Search the data for the string "shows" and copy each line in which it appears.

■ Extracted entries:
━━━━━━━━━━━━━━━━

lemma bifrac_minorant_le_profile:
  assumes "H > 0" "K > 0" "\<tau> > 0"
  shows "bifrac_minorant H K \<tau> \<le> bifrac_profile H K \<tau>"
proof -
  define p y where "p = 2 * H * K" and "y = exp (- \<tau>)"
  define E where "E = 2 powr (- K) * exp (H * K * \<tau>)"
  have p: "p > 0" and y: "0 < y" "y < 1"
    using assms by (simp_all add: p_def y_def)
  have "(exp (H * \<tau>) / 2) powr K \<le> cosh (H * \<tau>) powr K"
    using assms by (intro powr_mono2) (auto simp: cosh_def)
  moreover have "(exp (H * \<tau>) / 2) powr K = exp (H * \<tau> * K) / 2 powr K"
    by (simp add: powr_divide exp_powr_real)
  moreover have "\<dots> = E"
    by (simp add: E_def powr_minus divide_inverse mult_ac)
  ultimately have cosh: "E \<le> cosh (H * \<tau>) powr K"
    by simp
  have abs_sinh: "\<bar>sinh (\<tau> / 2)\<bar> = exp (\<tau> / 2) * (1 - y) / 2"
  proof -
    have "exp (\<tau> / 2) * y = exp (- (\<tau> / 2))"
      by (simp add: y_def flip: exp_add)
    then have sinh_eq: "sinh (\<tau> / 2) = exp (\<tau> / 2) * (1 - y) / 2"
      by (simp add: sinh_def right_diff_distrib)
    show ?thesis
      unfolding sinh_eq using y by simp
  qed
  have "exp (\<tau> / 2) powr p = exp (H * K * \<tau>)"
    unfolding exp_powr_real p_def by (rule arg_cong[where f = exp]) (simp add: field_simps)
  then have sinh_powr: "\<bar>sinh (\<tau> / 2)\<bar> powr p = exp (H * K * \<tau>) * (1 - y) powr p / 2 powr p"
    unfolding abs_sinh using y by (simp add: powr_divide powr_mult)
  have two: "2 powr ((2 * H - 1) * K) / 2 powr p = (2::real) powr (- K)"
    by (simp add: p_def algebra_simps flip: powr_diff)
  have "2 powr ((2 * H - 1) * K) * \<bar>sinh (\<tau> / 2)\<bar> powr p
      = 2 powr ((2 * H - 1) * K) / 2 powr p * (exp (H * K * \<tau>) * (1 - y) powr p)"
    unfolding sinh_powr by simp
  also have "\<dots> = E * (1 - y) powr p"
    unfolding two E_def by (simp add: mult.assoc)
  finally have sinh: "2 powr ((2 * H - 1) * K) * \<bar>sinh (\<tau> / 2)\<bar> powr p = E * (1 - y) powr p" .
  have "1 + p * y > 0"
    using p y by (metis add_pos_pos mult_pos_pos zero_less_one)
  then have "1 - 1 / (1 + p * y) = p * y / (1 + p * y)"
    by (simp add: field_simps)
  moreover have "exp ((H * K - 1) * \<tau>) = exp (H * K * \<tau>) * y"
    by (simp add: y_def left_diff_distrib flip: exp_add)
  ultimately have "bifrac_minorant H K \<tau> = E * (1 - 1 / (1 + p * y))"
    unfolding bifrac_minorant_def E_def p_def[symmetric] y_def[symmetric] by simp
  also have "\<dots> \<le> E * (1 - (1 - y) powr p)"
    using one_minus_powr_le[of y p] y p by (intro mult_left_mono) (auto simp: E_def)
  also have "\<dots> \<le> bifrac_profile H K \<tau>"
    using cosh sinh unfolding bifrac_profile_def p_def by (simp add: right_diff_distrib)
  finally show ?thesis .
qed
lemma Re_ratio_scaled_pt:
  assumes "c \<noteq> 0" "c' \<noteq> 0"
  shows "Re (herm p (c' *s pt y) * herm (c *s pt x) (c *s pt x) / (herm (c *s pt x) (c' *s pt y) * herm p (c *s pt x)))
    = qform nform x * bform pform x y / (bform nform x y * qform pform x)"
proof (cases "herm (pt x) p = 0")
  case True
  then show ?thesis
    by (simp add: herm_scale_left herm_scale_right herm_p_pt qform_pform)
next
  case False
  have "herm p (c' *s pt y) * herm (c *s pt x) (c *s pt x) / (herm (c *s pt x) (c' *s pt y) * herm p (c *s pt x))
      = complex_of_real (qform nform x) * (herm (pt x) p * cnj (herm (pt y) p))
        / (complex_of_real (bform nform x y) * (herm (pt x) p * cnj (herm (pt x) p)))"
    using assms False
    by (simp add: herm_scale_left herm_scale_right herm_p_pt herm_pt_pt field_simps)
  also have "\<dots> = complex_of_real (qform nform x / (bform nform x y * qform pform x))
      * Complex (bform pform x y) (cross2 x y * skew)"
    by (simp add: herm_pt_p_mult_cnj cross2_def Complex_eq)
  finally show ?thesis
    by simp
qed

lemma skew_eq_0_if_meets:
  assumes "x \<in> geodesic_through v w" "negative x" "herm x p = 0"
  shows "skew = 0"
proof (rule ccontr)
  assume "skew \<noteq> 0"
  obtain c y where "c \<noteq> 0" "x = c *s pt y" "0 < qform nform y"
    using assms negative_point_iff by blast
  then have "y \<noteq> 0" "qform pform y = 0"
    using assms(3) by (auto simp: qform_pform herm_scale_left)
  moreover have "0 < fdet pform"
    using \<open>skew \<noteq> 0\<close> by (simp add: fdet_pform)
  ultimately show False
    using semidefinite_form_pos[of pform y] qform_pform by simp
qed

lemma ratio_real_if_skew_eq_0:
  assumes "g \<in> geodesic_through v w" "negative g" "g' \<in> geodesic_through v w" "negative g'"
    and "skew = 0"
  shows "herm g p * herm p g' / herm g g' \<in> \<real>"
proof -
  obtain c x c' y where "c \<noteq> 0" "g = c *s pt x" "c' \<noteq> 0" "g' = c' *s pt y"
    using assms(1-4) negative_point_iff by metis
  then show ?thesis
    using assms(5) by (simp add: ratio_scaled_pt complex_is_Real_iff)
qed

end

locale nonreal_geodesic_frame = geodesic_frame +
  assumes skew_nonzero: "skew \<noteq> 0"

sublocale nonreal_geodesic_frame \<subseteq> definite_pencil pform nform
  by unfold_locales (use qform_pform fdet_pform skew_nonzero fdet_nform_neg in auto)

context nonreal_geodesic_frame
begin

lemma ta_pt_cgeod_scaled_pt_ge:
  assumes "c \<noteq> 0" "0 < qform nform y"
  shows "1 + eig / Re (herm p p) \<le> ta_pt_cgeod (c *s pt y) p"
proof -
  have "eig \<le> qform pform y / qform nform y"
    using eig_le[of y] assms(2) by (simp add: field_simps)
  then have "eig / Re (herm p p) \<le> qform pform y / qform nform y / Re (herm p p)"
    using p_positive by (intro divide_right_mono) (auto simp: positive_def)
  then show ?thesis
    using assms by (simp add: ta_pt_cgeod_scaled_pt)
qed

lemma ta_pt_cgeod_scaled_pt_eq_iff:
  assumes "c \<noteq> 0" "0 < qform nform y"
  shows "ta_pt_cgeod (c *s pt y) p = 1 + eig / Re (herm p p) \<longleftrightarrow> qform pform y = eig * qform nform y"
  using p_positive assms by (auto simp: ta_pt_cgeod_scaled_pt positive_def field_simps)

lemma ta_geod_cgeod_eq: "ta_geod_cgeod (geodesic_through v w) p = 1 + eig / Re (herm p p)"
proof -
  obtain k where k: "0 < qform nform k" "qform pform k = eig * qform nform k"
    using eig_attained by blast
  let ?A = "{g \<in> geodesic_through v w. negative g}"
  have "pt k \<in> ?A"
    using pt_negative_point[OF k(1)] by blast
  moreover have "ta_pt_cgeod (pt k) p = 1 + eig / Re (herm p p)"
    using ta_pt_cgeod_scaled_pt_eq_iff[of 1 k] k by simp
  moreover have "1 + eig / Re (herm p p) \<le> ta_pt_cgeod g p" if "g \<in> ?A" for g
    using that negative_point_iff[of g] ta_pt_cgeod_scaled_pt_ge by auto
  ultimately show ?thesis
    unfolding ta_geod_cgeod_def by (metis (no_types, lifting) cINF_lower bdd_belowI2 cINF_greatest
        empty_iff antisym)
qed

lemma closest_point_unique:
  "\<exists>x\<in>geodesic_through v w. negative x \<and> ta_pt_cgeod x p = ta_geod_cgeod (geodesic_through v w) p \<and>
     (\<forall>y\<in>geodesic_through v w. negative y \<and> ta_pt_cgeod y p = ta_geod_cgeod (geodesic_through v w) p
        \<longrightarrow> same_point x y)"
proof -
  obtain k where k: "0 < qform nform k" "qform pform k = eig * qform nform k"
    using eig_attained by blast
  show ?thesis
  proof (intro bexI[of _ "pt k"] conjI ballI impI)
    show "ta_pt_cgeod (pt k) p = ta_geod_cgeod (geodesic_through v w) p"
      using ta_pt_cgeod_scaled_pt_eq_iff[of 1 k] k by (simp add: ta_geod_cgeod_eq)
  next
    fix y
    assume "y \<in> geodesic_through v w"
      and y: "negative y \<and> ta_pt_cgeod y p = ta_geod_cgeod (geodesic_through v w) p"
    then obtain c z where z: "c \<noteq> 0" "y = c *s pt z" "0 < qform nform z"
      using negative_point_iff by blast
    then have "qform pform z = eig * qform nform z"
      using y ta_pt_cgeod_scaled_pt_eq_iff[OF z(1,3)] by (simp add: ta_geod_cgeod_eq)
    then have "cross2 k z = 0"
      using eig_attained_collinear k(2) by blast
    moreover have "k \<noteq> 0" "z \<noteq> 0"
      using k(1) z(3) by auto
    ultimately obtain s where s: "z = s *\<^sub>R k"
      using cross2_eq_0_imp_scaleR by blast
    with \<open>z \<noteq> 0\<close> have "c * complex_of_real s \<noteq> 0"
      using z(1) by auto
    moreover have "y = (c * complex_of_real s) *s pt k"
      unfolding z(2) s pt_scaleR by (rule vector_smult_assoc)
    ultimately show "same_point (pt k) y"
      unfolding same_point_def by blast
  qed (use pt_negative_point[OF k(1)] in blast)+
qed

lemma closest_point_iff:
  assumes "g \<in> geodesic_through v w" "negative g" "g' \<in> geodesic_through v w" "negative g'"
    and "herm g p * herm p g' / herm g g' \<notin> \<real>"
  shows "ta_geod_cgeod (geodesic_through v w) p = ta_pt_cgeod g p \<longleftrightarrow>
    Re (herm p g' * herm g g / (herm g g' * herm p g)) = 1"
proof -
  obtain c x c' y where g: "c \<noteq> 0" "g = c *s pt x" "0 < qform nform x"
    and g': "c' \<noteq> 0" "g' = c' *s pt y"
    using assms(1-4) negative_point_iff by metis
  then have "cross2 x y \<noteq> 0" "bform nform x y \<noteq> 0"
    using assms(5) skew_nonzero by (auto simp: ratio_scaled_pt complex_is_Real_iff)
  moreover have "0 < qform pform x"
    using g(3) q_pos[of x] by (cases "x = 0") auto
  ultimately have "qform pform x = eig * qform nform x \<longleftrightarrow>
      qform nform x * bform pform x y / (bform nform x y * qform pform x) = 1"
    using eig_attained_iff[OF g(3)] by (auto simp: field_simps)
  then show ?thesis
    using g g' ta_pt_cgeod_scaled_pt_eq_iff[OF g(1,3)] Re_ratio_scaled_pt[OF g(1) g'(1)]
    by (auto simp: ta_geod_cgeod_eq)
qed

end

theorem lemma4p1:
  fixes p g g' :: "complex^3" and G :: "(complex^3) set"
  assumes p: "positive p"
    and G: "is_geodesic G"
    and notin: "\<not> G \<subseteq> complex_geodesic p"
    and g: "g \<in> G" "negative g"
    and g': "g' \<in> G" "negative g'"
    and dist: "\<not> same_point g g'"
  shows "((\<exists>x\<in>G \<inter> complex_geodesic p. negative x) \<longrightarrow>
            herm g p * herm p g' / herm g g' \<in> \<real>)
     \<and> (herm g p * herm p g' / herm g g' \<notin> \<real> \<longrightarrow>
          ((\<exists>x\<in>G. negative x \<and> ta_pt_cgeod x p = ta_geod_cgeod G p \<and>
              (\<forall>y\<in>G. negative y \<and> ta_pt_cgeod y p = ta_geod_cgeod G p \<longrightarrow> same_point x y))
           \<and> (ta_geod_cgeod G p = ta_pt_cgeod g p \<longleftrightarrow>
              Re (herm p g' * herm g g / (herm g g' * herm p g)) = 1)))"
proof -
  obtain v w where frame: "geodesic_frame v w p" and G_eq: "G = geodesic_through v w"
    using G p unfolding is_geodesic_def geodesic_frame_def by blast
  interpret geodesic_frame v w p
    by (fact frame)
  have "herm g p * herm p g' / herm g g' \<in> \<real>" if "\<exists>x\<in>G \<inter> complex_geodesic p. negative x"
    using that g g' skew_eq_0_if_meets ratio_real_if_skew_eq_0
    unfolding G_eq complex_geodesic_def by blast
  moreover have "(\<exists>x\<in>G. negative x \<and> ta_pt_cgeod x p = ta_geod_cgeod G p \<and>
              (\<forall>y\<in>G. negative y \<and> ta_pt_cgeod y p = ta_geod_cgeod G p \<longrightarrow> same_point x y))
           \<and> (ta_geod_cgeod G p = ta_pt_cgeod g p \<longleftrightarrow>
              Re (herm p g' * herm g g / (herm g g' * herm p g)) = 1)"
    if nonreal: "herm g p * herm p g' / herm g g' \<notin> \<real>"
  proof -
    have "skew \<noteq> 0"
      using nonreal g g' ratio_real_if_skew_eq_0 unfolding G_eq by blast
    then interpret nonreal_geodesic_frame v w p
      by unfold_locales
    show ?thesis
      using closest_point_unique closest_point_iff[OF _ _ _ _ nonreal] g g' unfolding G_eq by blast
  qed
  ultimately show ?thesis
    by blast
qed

━━━━━━━━━━━━━━━━

■ Response:
  shows "bifrac_minorant H K \<tau> \<le> bifrac_profile H K \<tau>"
  shows "Re (herm p (c' *s pt y) * herm (c *s pt x) (c *s pt x) / (herm (c *s pt x) (c' *s pt y) * herm p (c *s pt x)))
  shows "skew = 0"
  shows "herm g p * herm p g' / herm g g' \<in> \<real>"
  shows "1 + eig / Re (herm p p) \<le> ta_pt_cgeod (c *s pt y) p"
  shows "ta_pt_cgeod (c *s pt y) p = 1 + eig / Re (herm p p) \<longleftrightarrow> qform pform y = eig * qform nform y"
  shows "ta_geod_cgeod (geodesic_through v w) p = ta_pt_cgeod g p \<longleftrightarrow>
  shows "((\<exists>x\<in>G \<inter> complex_geodesic p. negative x) \<longrightarrow>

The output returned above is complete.